▶ [What you should do]: Count the lines below that contain the word "every", and report only that number.

▶ [Items from a data source]:
________________________

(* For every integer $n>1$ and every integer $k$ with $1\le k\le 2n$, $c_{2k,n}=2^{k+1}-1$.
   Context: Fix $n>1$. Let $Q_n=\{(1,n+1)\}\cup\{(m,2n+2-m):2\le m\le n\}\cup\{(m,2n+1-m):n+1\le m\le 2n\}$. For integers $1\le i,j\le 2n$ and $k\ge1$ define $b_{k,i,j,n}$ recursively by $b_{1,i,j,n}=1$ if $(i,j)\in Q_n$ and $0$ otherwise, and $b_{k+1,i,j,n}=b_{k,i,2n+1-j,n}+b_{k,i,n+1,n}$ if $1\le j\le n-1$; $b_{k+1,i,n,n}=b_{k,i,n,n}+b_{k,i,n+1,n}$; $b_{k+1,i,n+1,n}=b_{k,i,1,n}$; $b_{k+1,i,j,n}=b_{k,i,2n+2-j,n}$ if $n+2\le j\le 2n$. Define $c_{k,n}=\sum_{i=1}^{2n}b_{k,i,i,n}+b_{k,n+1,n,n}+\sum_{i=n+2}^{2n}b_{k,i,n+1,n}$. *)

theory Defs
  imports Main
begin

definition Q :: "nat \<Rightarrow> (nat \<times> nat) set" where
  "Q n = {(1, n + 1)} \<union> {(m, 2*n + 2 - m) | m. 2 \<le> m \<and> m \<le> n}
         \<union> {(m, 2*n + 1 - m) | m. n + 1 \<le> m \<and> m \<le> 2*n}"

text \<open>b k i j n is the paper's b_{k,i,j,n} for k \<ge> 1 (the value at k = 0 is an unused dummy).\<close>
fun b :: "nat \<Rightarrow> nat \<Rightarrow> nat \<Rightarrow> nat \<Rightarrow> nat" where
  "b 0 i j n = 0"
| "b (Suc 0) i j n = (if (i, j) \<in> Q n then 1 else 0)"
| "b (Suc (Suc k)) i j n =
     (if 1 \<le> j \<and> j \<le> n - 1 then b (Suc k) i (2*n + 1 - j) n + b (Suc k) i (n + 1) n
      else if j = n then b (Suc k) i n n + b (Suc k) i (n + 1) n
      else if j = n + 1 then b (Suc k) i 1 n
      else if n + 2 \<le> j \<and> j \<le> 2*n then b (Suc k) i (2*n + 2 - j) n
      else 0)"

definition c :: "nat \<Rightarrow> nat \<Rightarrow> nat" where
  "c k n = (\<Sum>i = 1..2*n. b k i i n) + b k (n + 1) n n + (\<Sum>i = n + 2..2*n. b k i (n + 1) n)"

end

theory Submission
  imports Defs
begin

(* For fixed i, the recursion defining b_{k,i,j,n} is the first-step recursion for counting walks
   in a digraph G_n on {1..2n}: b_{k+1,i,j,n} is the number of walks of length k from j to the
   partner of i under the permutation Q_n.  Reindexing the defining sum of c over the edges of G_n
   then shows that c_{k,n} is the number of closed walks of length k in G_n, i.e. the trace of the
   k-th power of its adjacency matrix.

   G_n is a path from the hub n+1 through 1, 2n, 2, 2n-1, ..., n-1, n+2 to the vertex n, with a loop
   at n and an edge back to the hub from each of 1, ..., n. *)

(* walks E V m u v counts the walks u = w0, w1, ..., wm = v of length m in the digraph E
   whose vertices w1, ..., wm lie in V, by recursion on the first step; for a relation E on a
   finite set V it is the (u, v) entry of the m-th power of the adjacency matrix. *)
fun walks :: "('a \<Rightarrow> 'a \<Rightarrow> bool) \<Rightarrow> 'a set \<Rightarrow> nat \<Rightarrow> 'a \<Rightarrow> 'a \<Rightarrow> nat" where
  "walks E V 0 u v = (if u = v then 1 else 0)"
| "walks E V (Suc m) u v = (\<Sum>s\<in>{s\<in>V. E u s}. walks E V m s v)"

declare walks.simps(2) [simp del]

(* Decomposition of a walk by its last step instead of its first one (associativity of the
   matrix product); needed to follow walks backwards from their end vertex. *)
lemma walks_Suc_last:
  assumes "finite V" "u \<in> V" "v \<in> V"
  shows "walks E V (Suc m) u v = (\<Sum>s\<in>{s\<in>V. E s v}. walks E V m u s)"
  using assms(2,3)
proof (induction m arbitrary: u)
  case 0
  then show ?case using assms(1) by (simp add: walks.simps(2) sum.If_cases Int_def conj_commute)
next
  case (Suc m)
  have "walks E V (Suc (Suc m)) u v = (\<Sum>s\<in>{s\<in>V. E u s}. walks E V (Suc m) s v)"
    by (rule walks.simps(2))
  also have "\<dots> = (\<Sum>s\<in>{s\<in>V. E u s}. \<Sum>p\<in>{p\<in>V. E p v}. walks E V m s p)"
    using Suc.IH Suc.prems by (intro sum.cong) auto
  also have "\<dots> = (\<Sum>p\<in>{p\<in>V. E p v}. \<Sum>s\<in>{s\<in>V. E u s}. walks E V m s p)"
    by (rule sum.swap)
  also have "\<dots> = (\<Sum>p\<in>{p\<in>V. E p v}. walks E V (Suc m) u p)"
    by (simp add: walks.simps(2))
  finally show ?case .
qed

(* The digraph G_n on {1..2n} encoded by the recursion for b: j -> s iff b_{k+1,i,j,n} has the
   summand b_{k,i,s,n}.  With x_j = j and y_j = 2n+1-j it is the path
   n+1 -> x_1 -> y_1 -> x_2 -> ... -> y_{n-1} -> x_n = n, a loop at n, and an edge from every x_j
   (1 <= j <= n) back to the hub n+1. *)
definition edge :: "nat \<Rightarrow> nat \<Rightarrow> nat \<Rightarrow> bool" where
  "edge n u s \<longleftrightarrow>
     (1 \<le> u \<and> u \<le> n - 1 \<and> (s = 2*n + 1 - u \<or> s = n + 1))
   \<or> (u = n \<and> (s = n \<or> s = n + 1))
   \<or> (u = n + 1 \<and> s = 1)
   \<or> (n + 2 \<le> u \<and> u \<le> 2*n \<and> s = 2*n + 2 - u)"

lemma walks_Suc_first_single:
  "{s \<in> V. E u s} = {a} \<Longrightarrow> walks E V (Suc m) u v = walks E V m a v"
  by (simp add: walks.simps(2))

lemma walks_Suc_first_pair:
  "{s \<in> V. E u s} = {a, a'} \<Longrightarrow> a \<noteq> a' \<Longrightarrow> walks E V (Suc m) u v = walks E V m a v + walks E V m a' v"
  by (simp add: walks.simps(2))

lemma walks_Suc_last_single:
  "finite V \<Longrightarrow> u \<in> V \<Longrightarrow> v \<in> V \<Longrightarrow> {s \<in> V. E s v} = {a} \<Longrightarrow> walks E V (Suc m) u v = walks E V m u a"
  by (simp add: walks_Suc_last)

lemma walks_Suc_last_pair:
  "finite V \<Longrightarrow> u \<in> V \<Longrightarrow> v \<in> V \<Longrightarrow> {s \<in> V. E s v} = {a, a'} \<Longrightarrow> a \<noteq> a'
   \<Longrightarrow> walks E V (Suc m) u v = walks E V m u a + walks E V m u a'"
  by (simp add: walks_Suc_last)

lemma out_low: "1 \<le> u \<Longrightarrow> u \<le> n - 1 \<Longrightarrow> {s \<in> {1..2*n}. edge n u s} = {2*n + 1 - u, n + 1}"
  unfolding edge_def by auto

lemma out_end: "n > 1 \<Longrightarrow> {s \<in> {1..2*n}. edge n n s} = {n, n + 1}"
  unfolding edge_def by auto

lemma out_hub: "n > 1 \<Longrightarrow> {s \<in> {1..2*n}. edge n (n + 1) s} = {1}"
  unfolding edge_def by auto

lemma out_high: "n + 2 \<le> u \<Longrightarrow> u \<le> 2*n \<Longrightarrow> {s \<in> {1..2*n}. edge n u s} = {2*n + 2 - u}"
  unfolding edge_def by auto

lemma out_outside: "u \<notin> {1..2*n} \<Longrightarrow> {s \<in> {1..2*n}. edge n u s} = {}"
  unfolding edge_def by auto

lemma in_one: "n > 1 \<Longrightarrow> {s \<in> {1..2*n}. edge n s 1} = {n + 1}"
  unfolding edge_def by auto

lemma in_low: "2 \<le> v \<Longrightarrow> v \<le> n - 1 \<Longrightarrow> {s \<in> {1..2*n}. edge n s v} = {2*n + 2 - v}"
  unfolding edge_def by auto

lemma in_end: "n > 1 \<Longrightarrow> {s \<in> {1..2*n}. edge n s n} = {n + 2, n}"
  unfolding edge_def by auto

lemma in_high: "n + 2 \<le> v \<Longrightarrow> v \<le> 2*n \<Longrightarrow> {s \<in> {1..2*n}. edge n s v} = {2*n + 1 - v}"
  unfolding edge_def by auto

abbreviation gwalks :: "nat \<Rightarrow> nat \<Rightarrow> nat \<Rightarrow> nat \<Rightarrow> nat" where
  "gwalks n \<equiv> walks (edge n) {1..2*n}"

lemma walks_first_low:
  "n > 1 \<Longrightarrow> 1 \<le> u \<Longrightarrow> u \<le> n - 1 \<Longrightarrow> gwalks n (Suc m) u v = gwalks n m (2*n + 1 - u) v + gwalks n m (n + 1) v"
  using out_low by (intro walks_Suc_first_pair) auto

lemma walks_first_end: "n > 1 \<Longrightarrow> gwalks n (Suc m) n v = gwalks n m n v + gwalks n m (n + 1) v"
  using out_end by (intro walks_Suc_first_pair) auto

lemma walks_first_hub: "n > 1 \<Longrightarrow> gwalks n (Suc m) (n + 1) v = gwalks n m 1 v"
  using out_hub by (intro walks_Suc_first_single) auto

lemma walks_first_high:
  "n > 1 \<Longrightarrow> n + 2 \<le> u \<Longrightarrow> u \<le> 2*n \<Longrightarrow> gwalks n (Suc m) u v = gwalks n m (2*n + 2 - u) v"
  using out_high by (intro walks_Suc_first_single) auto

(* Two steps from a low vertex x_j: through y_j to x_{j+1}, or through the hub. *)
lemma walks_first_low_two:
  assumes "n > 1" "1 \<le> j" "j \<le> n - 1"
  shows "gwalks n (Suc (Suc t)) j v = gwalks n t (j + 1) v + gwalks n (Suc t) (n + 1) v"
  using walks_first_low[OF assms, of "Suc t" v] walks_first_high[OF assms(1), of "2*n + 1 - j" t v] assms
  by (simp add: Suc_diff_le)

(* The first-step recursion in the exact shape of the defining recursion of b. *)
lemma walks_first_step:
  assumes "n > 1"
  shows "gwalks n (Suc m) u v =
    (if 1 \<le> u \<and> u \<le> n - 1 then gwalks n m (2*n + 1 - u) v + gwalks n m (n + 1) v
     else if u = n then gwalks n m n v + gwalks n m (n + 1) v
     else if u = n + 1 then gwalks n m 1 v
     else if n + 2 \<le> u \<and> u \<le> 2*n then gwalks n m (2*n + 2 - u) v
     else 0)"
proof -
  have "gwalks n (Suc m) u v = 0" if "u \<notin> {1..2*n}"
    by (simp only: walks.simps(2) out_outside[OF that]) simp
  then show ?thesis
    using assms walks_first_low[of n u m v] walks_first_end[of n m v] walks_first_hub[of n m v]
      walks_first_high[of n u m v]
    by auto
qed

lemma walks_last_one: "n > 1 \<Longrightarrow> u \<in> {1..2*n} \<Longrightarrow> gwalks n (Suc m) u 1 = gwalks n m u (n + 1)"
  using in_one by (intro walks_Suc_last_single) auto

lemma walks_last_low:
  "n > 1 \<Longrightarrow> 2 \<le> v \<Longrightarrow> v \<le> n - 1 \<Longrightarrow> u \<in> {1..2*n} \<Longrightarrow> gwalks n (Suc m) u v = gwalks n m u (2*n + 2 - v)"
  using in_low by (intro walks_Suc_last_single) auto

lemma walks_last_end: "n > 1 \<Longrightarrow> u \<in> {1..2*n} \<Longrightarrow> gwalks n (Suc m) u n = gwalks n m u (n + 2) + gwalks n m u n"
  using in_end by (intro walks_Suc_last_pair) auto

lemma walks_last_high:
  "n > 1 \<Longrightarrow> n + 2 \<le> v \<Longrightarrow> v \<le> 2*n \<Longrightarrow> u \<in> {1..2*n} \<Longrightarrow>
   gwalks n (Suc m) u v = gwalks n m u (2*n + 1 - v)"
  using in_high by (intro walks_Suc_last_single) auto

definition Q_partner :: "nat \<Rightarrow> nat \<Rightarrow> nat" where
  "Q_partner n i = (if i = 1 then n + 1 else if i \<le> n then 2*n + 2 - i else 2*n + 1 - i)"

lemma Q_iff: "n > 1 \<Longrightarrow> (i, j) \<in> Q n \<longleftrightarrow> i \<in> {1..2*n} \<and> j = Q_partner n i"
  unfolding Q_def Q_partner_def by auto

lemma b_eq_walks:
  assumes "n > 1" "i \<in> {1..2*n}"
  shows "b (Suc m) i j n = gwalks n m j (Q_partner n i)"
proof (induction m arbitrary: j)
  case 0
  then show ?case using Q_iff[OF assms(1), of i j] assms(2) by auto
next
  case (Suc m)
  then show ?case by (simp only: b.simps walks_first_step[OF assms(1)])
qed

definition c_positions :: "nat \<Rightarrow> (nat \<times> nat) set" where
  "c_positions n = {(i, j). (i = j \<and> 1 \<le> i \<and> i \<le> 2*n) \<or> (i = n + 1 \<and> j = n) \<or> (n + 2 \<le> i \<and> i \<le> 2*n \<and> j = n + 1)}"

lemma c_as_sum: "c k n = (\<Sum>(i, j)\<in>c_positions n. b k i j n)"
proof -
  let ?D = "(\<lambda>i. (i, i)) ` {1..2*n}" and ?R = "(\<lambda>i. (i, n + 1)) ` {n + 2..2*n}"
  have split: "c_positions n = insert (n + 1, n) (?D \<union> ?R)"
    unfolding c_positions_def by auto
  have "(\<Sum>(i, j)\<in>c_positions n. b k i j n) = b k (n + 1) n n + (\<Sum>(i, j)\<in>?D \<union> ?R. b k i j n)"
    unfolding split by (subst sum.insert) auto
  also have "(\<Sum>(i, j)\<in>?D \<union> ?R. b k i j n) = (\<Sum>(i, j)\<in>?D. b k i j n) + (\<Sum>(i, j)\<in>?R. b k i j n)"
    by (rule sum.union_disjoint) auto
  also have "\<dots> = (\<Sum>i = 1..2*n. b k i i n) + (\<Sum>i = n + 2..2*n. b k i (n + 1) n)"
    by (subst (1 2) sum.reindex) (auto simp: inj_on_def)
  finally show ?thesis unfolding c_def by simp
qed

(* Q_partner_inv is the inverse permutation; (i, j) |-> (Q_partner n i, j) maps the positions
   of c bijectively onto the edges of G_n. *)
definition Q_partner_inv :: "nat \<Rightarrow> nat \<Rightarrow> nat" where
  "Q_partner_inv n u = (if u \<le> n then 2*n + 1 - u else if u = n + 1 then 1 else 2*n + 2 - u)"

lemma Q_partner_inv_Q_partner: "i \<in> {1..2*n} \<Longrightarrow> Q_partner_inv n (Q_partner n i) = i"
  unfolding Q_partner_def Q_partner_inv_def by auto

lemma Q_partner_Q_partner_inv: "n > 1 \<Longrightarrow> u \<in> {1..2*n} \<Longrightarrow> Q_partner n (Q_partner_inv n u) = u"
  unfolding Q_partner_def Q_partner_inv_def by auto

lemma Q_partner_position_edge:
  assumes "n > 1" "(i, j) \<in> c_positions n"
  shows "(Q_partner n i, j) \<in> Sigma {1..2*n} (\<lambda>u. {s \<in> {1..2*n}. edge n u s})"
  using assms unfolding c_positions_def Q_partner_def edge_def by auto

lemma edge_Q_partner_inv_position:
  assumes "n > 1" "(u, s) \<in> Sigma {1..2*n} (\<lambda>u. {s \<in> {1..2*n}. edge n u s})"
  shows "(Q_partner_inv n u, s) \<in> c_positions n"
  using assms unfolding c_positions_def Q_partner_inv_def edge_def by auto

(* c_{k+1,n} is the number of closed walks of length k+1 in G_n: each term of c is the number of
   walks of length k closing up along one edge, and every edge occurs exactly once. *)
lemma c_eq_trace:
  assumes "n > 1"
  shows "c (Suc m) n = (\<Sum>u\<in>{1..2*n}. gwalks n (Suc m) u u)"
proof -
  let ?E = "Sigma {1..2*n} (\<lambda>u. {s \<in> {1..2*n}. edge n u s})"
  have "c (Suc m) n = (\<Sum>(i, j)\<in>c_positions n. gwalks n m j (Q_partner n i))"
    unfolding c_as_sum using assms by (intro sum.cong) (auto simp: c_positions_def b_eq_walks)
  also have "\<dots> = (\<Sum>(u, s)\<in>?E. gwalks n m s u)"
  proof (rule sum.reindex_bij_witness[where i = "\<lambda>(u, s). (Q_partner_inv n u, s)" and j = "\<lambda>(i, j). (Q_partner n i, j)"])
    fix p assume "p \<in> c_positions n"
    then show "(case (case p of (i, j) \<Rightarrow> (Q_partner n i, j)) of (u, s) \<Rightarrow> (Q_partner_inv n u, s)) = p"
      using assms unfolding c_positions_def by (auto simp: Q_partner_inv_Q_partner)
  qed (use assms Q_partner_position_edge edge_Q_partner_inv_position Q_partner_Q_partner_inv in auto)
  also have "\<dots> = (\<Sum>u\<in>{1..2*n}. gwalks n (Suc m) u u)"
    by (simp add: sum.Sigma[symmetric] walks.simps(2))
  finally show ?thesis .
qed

________________________

▶ [Result]: 3